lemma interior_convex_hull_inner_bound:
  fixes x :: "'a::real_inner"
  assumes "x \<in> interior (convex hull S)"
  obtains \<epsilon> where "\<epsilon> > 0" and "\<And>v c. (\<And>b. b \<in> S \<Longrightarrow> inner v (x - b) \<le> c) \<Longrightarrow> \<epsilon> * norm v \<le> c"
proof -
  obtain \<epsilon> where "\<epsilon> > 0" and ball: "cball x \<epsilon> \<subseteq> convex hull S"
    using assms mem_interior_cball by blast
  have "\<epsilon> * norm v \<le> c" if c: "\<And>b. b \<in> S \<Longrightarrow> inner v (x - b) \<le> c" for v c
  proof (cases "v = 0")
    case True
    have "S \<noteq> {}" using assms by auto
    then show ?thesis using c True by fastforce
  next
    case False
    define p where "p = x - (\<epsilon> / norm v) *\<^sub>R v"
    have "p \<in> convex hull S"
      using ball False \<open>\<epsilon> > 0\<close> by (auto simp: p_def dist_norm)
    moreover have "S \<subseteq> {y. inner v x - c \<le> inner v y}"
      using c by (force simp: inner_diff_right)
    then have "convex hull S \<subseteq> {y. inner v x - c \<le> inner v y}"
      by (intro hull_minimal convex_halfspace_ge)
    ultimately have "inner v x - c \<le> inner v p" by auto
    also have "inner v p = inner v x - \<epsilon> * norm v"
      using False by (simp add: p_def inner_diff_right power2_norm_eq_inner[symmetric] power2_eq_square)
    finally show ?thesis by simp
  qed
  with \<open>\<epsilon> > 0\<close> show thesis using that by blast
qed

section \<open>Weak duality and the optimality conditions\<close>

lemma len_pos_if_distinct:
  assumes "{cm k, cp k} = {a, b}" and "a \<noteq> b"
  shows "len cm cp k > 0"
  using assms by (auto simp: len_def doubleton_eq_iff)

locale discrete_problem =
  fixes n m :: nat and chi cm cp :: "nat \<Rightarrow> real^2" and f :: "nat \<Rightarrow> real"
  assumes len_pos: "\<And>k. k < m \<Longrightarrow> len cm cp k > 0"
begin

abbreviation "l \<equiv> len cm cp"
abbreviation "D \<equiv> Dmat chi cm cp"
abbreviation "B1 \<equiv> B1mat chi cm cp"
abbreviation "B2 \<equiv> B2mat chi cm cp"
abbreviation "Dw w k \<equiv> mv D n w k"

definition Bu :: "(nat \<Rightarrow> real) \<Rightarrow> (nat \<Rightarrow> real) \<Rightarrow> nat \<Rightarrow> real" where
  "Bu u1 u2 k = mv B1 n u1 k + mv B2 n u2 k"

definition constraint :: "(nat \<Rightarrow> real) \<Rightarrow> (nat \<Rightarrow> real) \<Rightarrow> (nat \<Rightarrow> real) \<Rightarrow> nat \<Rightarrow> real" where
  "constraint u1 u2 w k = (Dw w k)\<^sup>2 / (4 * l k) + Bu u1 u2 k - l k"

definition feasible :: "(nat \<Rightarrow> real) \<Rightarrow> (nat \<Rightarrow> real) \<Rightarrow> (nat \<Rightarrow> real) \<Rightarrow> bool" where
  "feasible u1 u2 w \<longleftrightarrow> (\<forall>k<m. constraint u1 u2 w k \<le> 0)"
◇ ◇ ◇
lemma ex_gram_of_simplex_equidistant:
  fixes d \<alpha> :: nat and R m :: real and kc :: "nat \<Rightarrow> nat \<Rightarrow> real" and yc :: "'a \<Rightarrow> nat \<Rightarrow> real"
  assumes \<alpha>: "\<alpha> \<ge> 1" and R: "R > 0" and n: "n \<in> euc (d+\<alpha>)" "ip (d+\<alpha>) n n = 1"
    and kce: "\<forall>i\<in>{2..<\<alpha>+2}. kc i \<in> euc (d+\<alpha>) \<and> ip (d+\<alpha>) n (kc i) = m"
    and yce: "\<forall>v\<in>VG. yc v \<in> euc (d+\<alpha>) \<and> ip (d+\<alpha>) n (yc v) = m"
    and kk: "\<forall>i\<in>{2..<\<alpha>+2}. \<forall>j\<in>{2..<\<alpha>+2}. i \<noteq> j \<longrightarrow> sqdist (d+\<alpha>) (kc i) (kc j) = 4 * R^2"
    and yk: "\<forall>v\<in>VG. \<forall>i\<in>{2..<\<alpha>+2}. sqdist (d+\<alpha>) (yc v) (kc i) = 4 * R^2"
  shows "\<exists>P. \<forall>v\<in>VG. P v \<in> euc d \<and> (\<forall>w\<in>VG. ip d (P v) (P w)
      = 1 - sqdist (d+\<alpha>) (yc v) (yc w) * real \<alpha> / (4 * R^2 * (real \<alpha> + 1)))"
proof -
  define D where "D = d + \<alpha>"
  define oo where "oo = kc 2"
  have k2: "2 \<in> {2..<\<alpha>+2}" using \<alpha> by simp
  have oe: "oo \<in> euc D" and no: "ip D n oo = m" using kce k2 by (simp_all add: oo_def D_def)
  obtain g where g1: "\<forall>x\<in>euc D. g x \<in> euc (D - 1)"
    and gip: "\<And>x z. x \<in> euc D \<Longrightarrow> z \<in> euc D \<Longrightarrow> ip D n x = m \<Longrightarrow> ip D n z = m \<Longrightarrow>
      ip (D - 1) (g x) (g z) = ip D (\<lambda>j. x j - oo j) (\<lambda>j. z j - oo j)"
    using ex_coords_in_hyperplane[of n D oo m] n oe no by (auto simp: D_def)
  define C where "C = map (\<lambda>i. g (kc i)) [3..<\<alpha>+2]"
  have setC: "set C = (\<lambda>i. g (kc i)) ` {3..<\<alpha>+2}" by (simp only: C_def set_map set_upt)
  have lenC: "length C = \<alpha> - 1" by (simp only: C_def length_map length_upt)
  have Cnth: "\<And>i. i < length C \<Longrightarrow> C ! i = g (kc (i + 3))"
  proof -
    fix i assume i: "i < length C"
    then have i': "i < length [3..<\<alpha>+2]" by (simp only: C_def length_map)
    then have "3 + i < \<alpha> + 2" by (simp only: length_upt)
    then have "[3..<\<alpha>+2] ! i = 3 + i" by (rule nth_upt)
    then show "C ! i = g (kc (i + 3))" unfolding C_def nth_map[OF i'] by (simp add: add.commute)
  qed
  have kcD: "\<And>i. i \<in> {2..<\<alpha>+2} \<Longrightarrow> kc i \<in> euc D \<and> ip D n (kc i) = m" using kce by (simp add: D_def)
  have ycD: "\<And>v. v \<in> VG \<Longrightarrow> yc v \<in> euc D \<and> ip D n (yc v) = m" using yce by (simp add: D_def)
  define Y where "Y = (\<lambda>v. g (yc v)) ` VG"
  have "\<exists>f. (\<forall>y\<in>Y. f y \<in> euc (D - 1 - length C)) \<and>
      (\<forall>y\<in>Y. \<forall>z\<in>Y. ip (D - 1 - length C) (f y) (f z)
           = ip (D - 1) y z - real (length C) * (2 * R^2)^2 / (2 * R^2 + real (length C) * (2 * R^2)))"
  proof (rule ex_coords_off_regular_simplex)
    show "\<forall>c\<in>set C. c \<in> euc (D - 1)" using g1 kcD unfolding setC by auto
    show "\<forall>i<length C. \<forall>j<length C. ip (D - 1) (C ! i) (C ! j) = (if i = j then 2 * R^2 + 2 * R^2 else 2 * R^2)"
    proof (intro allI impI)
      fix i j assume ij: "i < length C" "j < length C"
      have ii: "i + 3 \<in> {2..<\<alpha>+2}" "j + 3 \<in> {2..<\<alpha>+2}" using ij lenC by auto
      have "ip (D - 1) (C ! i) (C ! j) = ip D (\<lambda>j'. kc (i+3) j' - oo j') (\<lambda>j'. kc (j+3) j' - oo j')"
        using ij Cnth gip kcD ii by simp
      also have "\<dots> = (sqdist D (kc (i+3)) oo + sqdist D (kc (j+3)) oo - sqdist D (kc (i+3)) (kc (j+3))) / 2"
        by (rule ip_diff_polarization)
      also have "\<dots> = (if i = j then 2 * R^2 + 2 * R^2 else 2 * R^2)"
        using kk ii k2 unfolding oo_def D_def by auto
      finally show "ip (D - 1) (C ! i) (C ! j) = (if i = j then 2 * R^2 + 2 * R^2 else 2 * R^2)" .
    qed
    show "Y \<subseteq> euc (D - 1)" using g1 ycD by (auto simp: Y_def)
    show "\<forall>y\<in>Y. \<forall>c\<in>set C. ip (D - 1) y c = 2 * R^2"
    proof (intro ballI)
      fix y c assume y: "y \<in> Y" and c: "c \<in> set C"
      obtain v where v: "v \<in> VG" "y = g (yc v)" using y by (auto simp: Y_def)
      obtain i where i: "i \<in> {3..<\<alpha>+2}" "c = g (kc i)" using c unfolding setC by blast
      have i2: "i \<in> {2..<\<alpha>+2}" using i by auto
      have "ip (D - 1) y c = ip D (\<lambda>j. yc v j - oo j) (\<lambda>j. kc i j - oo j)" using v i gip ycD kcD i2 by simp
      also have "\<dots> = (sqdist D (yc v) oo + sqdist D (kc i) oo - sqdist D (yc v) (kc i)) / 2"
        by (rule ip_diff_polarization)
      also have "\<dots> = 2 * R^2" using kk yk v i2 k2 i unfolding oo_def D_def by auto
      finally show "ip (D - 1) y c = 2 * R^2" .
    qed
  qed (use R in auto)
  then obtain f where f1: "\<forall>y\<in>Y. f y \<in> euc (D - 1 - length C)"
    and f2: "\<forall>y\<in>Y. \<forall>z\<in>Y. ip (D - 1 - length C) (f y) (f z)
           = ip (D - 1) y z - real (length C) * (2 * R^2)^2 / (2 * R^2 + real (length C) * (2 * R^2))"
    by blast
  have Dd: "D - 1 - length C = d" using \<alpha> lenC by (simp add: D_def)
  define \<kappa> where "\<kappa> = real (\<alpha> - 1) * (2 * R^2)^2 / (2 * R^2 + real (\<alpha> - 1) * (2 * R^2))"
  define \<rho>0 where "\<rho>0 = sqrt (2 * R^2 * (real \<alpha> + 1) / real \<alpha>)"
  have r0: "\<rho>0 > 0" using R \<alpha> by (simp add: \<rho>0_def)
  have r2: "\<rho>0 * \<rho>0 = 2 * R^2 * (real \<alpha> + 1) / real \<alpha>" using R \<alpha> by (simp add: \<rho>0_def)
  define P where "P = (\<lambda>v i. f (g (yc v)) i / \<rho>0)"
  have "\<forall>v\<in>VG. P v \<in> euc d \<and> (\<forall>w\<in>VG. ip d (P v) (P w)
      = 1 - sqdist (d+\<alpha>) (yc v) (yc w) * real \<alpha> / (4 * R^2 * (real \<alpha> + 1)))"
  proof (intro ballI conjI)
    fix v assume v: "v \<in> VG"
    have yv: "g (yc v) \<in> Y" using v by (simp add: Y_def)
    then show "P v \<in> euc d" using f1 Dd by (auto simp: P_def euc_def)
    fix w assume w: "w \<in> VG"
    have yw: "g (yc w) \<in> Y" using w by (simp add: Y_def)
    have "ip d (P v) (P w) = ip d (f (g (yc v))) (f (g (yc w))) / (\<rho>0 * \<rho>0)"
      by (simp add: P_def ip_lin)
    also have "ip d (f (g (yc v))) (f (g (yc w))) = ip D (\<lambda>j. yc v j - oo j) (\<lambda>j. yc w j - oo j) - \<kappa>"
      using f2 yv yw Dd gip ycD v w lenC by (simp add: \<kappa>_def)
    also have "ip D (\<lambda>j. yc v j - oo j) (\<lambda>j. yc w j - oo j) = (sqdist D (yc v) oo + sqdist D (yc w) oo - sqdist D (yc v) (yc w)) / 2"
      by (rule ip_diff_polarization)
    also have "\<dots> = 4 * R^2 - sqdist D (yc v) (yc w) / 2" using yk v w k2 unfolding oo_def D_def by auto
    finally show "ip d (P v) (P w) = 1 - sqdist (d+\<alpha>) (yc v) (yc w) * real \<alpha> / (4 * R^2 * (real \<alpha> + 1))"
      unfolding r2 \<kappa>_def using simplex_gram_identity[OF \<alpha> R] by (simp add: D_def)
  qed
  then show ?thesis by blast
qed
◇ ◇ ◇
### Exercise directions
An exact copy of the lines above, from the one containing "fixes n m :: nat" through the one containing "u2 w \<longleftrightarrow>", is the whole of the answer.

### Your response
  fixes n m :: nat and chi cm cp :: "nat \<Rightarrow> real^2" and f :: "nat \<Rightarrow> real"
  assumes len_pos: "\<And>k. k < m \<Longrightarrow> len cm cp k > 0"
begin

abbreviation "l \<equiv> len cm cp"
abbreviation "D \<equiv> Dmat chi cm cp"
abbreviation "B1 \<equiv> B1mat chi cm cp"
abbreviation "B2 \<equiv> B2mat chi cm cp"
abbreviation "Dw w k \<equiv> mv D n w k"

definition Bu :: "(nat \<Rightarrow> real) \<Rightarrow> (nat \<Rightarrow> real) \<Rightarrow> nat \<Rightarrow> real" where
  "Bu u1 u2 k = mv B1 n u1 k + mv B2 n u2 k"

definition constraint :: "(nat \<Rightarrow> real) \<Rightarrow> (nat \<Rightarrow> real) \<Rightarrow> (nat \<Rightarrow> real) \<Rightarrow> nat \<Rightarrow> real" where
  "constraint u1 u2 w k = (Dw w k)\<^sup>2 / (4 * l k) + Bu u1 u2 k - l k"

definition feasible :: "(nat \<Rightarrow> real) \<Rightarrow> (nat \<Rightarrow> real) \<Rightarrow> (nat \<Rightarrow> real) \<Rightarrow> bool" where
  "feasible u1 u2 w \<longleftrightarrow> (\<forall>k<m. constraint u1 u2 w k \<le> 0)"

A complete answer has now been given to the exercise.